Problem description: Whenever "ultimately" appears in a line of the entries below, that line counts; give the total only.

Records supplied:
lemma eventually_diag_offdiag_with_roots:
  fixes lam :: "'n::finite \<Rightarrow> real"
  assumes gap: "\<And>k l. k \<noteq> l \<Longrightarrow> g \<le> \<bar>lam k - lam l\<bar>" and "0 < \<eta>" "\<eta> \<le> g / 2"
  shows "\<forall>\<^sub>F t in at_right 0. \<exists>d \<in> cball (\<chi> k. lam k) \<eta>.
           \<forall>k. det (lam k *\<^sub>R mat 1 - diag_offdiag d t W) = 0"
proof -
  define \<Phi> where "\<Phi> x = (\<chi> k. det (lam k *\<^sub>R mat 1 - diag_offdiag (fst x) (snd x) W))"
    for x :: "(real^'n) \<times> real"
  define \<tau> where "\<tau> = \<eta> * (g / 2) ^ (CARD('n) - 1) / real CARD('n)"
  have "\<tau> > 0"
    using \<open>0 < \<eta>\<close> \<open>\<eta> \<le> g / 2\<close> by (simp add: \<tau>_def)
  have cont: "continuous_on UNIV \<Phi>"
    unfolding \<Phi>_def diag_offdiag_def
    by (intro continuous_on_vec_lambda continuous_on_det)
      (auto simp: mat_def intro!: continuous_intros)
  define C where "C = cball (\<chi> k. lam k) \<eta> \<times> cball (0::real) 1"
  have "uniformly_continuous_on C \<Phi>"
    by (rule compact_uniformly_continuous)
      (auto simp: C_def intro!: compact_Times continuous_on_subset[OF cont])
  then obtain \<delta> where "\<delta> > 0"
    and unif: "\<And>x x'. x \<in> C \<Longrightarrow> x' \<in> C \<Longrightarrow> dist x' x < \<delta> \<Longrightarrow> dist (\<Phi> x') (\<Phi> x) < \<tau>"
    unfolding uniformly_continuous_on_def using \<open>\<tau> > 0\<close> by metis
  have "\<exists>d \<in> cball (\<chi> k. lam k) \<eta>. \<forall>k. det (lam k *\<^sub>R mat 1 - diag_offdiag d t W) = 0"
    if t: "t \<in> {0<..<min \<delta> 1}" for t
  proof -
    have "\<bar>\<Phi> (d, t) $ k - (\<Prod>l\<in>UNIV. lam k - d$l)\<bar> \<le> \<tau>"
      if "d \<in> cball (\<chi> k. lam k) \<eta>" for d k
    proof -
      have "dist (\<Phi> (d, t)) (\<Phi> (d, 0)) < \<tau>"
        using t that by (intro unif) (auto simp: C_def dist_Pair_Pair)
      moreover have "\<bar>(\<Phi> (d, t) - \<Phi> (d, 0)) $ k\<bar> \<le> dist (\<Phi> (d, t)) (\<Phi> (d, 0))"
        unfolding dist_norm by (rule component_le_norm_cart)
      ultimately show ?thesis
        by (simp add: \<Phi>_def det_char_diag_offdiag_0)
    qed
    moreover have "continuous_on (cball (\<chi> k. lam k) \<eta>) (\<lambda>d. \<Phi> (d, t))"
      by (rule continuous_on_compose2[OF cont]) (auto intro!: continuous_intros)
    ultimately obtain d where "d \<in> cball (\<chi> k. lam k) \<eta>" "\<Phi> (d, t) = 0"
      using exists_zero_near_product[where f="\<lambda>d. \<Phi> (d, t)" and lam=lam,
          OF _ gap \<open>0 < \<eta>\<close> \<open>\<eta> \<le> g / 2\<close>]
      unfolding \<tau>_def by blast
    then show ?thesis
      by (auto simp: \<Phi>_def vec_eq_iff)
  qed
  then show ?thesis
    using eventually_at_right_real[of 0 "min \<delta> 1"] \<open>\<delta> > 0\<close> eventually_mono by force
qed

lemma exists_small_diag_offdiag_with_roots:
  fixes lam :: "'n::finite \<Rightarrow> real"
  assumes gap: "\<And>k l. k \<noteq> l \<Longrightarrow> g \<le> \<bar>lam k - lam l\<bar>" and "0 < \<eta>" "\<eta> \<le> g / 2"
    and "t\<^sub>0 > 0"
  obtains t d where "0 < t" "t < t\<^sub>0" "\<And>j. \<bar>d$j - lam j\<bar> \<le> \<eta>"
    "\<And>k. det (lam k *\<^sub>R mat 1 - diag_offdiag d t W) = 0"
proof -
  have "\<forall>\<^sub>F t in at_right 0. t \<in> {0<..<t\<^sub>0} \<and> (\<exists>d \<in> cball (\<chi> k. lam k) \<eta>.
      \<forall>k. det (lam k *\<^sub>R mat 1 - diag_offdiag d t W) = 0)"
    using eventually_at_right_real[OF \<open>t\<^sub>0 > 0\<close>]
      eventually_diag_offdiag_with_roots[where lam=lam, OF gap \<open>0 < \<eta>\<close> \<open>\<eta> \<le> g / 2\<close>]
    by (rule eventually_conj)
  then obtain t d where "t \<in> {0<..<t\<^sub>0}" and d: "d \<in> cball (\<chi> k. lam k) \<eta>"
    and "\<And>k. det (lam k *\<^sub>R mat 1 - diag_offdiag d t W) = 0"
    using eventually_happens'[OF trivial_limit_at_right_real] by blast
  then show ?thesis
    using mem_cball_imp_abs_component_le[OF d] by (intro that[of t d]) auto
qed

Exercise response: 2